Pick out each line in these entries that contains the string "integer".
--------
(* Let $r$ be a positive integer and $n\ge0$. Then $$E_n^{(r)}(x)=\frac{2^{r-1}}{(r-1)!}\sum_{\substack{0\le j\le r-1\\ 0\le k\le n/2}}(-1)^j\,s(r,r-j)\binom{n}{2k}r^{n-2k}\,E_{2k+r-j-1}\,E_{n-2k}\!\left(\frac{x}{r}\right).$$
   Context: For a positive integer $r$, the Euler polynomials of order $r$ are defined by $\sum_{n\ge0}E_n^{(r)}(x)\frac{t^n}{n!}=\left(\frac{2}{e^t+1}\right)^re^{xt}$. $E_n(x)=E_n^{(1)}(x)$ are the Euler polynomials and $E_m:=E_m(0)$. $s(n,l)$ denotes the (signed) Stirling numbers of the first kind, $x(x-1)\cdots(x-n+1)=\sum_l s(n,l)x^l$. *)

theory Defs
  imports "HOL-Computational_Algebra.Computational_Algebra"
begin

definition euler_gf :: "nat \<Rightarrow> real \<Rightarrow> real fps" where
  "euler_gf r x = (fps_const 2 * inverse (fps_exp 1 + 1)) ^ r * fps_exp x"

definition euler_poly_ord :: "nat \<Rightarrow> nat \<Rightarrow> real \<Rightarrow> real" where
  "euler_poly_ord r n x = fact n * fps_nth (euler_gf r x) n"

definition euler_poly :: "nat \<Rightarrow> real \<Rightarrow> real" where
  "euler_poly n x = euler_poly_ord 1 n x"

definition euler_num :: "nat \<Rightarrow> real" where
  "euler_num m = euler_poly m 0"

definition stirling1s :: "nat \<Rightarrow> nat \<Rightarrow> int" where
  "stirling1s n l = coeff (\<Prod>i<n. [:- of_nat i, 1:]) l"

end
--------
[Response to the exercise]
(* Let $r$ be a positive integer and $n\ge0$. Then $$E_n^{(r)}(x)=\frac{2^{r-1}}{(r-1)!}\sum_{\substack{0\le j\le r-1\\ 0\le k\le n/2}}(-1)^j\,s(r,r-j)\binom{n}{2k}r^{n-2k}\,E_{2k+r-j-1}\,E_{n-2k}\!\left(\frac{x}{r}\right).$$
   Context: For a positive integer $r$, the Euler polynomials of order $r$ are defined by $\sum_{n\ge0}E_n^{(r)}(x)\frac{t^n}{n!}=\left(\frac{2}{e^t+1}\right)^re^{xt}$. $E_n(x)=E_n^{(1)}(x)$ are the Euler polynomials and $E_m:=E_m(0)$. $s(n,l)$ denotes the (signed) Stirling numbers of the first kind, $x(x-1)\cdots(x-n+1)=\sum_l s(n,l)x^l$. *)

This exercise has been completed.